Recorded data:

lemma conn_inf_null_if_INF_esum_eq_0:
  assumes "(INF C\<in>{C. edge_cutset V E x C}. esum V E x p C) = 0"
  shows "Prob E p (conn_inf V E x) = 0"
proof -
  have "ennreal (Prob E p (conn_inf V E x)) \<le> (INF C\<in>{C. edge_cutset V E x C}. esum V E x p C)"
    by (rule INF_greatest) (simp add: Prob_conn_inf_le_esum)
  with assms Prob_nonneg[of E p] show ?thesis by (simp add: ennreal_le_iff2 order_antisym)
qed

lemma less_1_if_conn_inf_null: "Prob E q (conn_inf V E x) = 0 \<Longrightarrow> q < 1"
  using Prob_conn_inf_pos_if_ge_1[of q] by (cases "1 \<le> q") auto

lemma INF_vertex_cutsets_eq_0_if_B_V:
  assumes "(INF C\<in>B_V V E x. vsum V E x p C) = 0"
  shows "(INF C\<in>{C. vertex_cutset V E x C}. vsum V E x p C) = 0"
proof -
  have "B_V V E x \<subseteq> {C. vertex_cutset V E x C}"
    unfolding B_V_def conn_set_def using vertex_cutset_vboundary by blast
  then have "(INF C\<in>{C. vertex_cutset V E x C}. vsum V E x p C) \<le> (INF C\<in>B_V V E x. vsum V E x p C)"
    by (rule INF_superset_mono) simp
  with assms show ?thesis by simp
qed

lemma INF_edge_cutsets_eq_0_if_B_E:
  assumes "(INF C\<in>B_E V E x. esum V E x p C) = 0"
  shows "(INF C\<in>{C. edge_cutset V E x C}. esum V E x p C) = 0"
proof -
  have "B_E V E x \<subseteq> {C. edge_cutset V E x C}"
    unfolding B_E_def conn_set_def using edge_cutset_eboundary by blast
  then have "(INF C\<in>{C. edge_cutset V E x C}. esum V E x p C) \<le> (INF C\<in>B_E V E x. esum V E x p C)"
    by (rule INF_superset_mono) simp
  with assms show ?thesis by simp
qed

lemma INF_B_V_eq_0_if_B_E:
  assumes "(INF C\<in>B_E V E x. esum V E x p C) = 0"
  shows "(INF C\<in>B_V V E x. vsum V E x p C) = 0"
proof -
  have "(INF C\<in>B_V V E x. vsum V E x p C) \<le> (INF C\<in>B_E V E x. esum V E x p C)"
  proof (rule INF_greatest)
    fix C assume "C \<in> B_E V E x"
    then obtain S where S: "C = eboundary E S" "conn_set V E x S" unfolding B_E_def by blast
    then have "vboundary V E S \<in> B_V V E x" unfolding B_V_def by blast
    then have "(INF C\<in>B_V V E x. vsum V E x p C) \<le> vsum V E x p (vboundary V E S)" by (rule INF_lower)
    also have "\<dots> \<le> esum V E x p C"
      using S vsum_vboundary_le_esum_eboundary unfolding conn_set_iff by simp
    finally show "(INF C\<in>B_V V E x. vsum V E x p C) \<le> esum V E x p C" .
  qed
  with assms show ?thesis by simp
qed

lemma INF_B_E_at_0: "(INF C\<in>B_E V E x. esum V E x 0 C) = 0"
proof -
  have "conn_set V E x {x}" unfolding conn_set_iff using root_vertex by (auto intro: joined_refl)
  then have "eboundary E {x} \<in> B_E V E x" unfolding B_E_def by blast
  then have "(INF C\<in>B_E V E x. esum V E x 0 C) \<le> esum V E x 0 (eboundary E {x})" by (rule INF_lower)
  also have "\<dots> = 0" using esum_eboundary[of "{x}" 0] root_vertex by (simp add: phi_def)
  finally show ?thesis by simp
qed

text \<open>Otherwise \<open>\<phi>\<^sub>p\<close> would be bounded below on connected sets, forcing \<open>\<theta>(q) > 0\<close>.\<close>

lemma INF_B_E_eq_0_below_null:
  assumes p: "0 \<le> p" "p < q" and q: "Prob E q (conn_inf V E x) = 0"
  shows "(INF C\<in>B_E V E x. esum V E x p C) = 0"
proof (rule ccontr)
  let ?m = "INF C\<in>B_E V E x. esum V E x p C"
  assume "?m \<noteq> 0"
  then obtain r :: rat where "0 < ennreal (real_of_rat r)" "ennreal (real_of_rat r) < ?m"
    using ennreal_rat_dense[of 0 ?m] by (auto simp: zero_less_iff_neq_zero)
  then obtain c where c: "0 < c" "ennreal c \<le> ?m" by (intro that[of "real_of_rat r"]) auto
  have q1: "q < 1" using q by (rule less_1_if_conn_inf_null)
  have "c \<le> phi p S" if "conn_set V E x S" for S
  proof -
    from that have "eboundary E S \<in> B_E V E x" unfolding B_E_def by blast
    then have "?m \<le> esum V E x p (eboundary E S)" by (rule INF_lower)
    with c(2) have "ennreal c \<le> esum V E x p (eboundary E S)" by (rule order_trans)
    also have "\<dots> = ennreal (phi p S)"
      using that p q1 unfolding conn_set_iff by (intro esum_eboundary) auto
    finally show ?thesis using phi_nonneg p q1 by (simp add: ennreal_le_iff)
  qed
  with p q1 c have "0 < Prob E q (conn_inf V E x)" by (intro Prob_conn_inf_pos_if_phi_ge) auto
  with q show False by simp
qed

## EXERCISE INSTRUCTIONS
Write out every entry again, exactly as it appears.

## OUTPUT FOR THIS EXERCISE
lemma conn_inf_null_if_INF_esum_eq_0:
  assumes "(INF C\<in>{C. edge_cutset V E x C}. esum V E x p C) = 0"
  shows "Prob E p (conn_inf V E x) = 0"
proof -
  have "ennreal (Prob E p (conn_inf V E x)) \<le> (INF C\<in>{C. edge_cutset V E x C}. esum V E x p C)"
    by (rule INF_greatest) (simp add: Prob_conn_inf_le_esum)
  with assms Prob_nonneg[of E p] show ?thesis by (simp add: ennreal_le_iff2 order_antisym)
qed

lemma less_1_if_conn_inf_null: "Prob E q (conn_inf V E x) = 0 \<Longrightarrow> q < 1"
  using Prob_conn_inf_pos_if_ge_1[of q] by (cases "1 \<le> q") auto

lemma INF_vertex_cutsets_eq_0_if_B_V:
  assumes "(INF C\<in>B_V V E x. vsum V E x p C) = 0"
  shows "(INF C\<in>{C. vertex_cutset V E x C}. vsum V E x p C) = 0"
proof -
  have "B_V V E x \<subseteq> {C. vertex_cutset V E x C}"
    unfolding B_V_def conn_set_def using vertex_cutset_vboundary by blast
  then have "(INF C\<in>{C. vertex_cutset V E x C}. vsum V E x p C) \<le> (INF C\<in>B_V V E x. vsum V E x p C)"
    by (rule INF_superset_mono) simp
  with assms show ?thesis by simp
qed

lemma INF_edge_cutsets_eq_0_if_B_E:
  assumes "(INF C\<in>B_E V E x. esum V E x p C) = 0"
  shows "(INF C\<in>{C. edge_cutset V E x C}. esum V E x p C) = 0"
proof -
  have "B_E V E x \<subseteq> {C. edge_cutset V E x C}"
    unfolding B_E_def conn_set_def using edge_cutset_eboundary by blast
  then have "(INF C\<in>{C. edge_cutset V E x C}. esum V E x p C) \<le> (INF C\<in>B_E V E x. esum V E x p C)"
    by (rule INF_superset_mono) simp
  with assms show ?thesis by simp
qed

lemma INF_B_V_eq_0_if_B_E:
  assumes "(INF C\<in>B_E V E x. esum V E x p C) = 0"
  shows "(INF C\<in>B_V V E x. vsum V E x p C) = 0"
proof -
  have "(INF C\<in>B_V V E x. vsum V E x p C) \<le> (INF C\<in>B_E V E x. esum V E x p C)"
  proof (rule INF_greatest)
    fix C assume "C \<in> B_E V E x"
    then obtain S where S: "C = eboundary E S" "conn_set V E x S" unfolding B_E_def by blast
    then have "vboundary V E S \<in> B_V V E x" unfolding B_V_def by blast
    then have "(INF C\<in>B_V V E x. vsum V E x p C) \<le> vsum V E x p (vboundary V E S)" by (rule INF_lower)
    also have "\<dots> \<le> esum V E x p C"
      using S vsum_vboundary_le_esum_eboundary unfolding conn_set_iff by simp
    finally show "(INF C\<in>B_V V E x. vsum V E x p C) \<le> esum V E x p C" .
  qed
  with assms show ?thesis by simp
qed

lemma INF_B_E_at_0: "(INF C\<in>B_E V E x. esum V E x 0 C) = 0"
proof -
  have "conn_set V E x {x}" unfolding conn_set_iff using root_vertex by (auto intro: joined_refl)
  then have "eboundary E {x} \<in> B_E V E x" unfolding B_E_def by blast
  then have "(INF C\<in>B_E V E x. esum V E x 0 C) \<le> esum V E x 0 (eboundary E {x})" by (rule INF_lower)
  also have "\<dots> = 0" using esum_eboundary[of "{x}" 0] root_vertex by (simp add: phi_def)
  finally show ?thesis by simp
qed

text \<open>Otherwise \<open>\<phi>\<^sub>p\<close> would be bounded below on connected sets, forcing \<open>\<theta>(q) > 0\<close>.\<close>

lemma INF_B_E_eq_0_below_null:
  assumes p: "0 \<le> p" "p < q" and q: "Prob E q (conn_inf V E x) = 0"
  shows "(INF C\<in>B_E V E x. esum V E x p C) = 0"
proof (rule ccontr)
  let ?m = "INF C\<in>B_E V E x. esum V E x p C"
  assume "?m \<noteq> 0"
  then obtain r :: rat where "0 < ennreal (real_of_rat r)" "ennreal (real_of_rat r) < ?m"
    using ennreal_rat_dense[of 0 ?m] by (auto simp: zero_less_iff_neq_zero)
  then obtain c where c: "0 < c" "ennreal c \<le> ?m" by (intro that[of "real_of_rat r"]) auto
  have q1: "q < 1" using q by (rule less_1_if_conn_inf_null)
  have "c \<le> phi p S" if "conn_set V E x S" for S
  proof -
    from that have "eboundary E S \<in> B_E V E x" unfolding B_E_def by blast
    then have "?m \<le> esum V E x p (eboundary E S)" by (rule INF_lower)
    with c(2) have "ennreal c \<le> esum V E x p (eboundary E S)" by (rule order_trans)
    also have "\<dots> = ennreal (phi p S)"
      using that p q1 unfolding conn_set_iff by (intro esum_eboundary) auto
    finally show ?thesis using phi_nonneg p q1 by (simp add: ennreal_le_iff)
  qed
  with p q1 c have "0 < Prob E q (conn_inf V E x)" by (intro Prob_conn_inf_pos_if_phi_ge) auto
  with q show False by simp
qed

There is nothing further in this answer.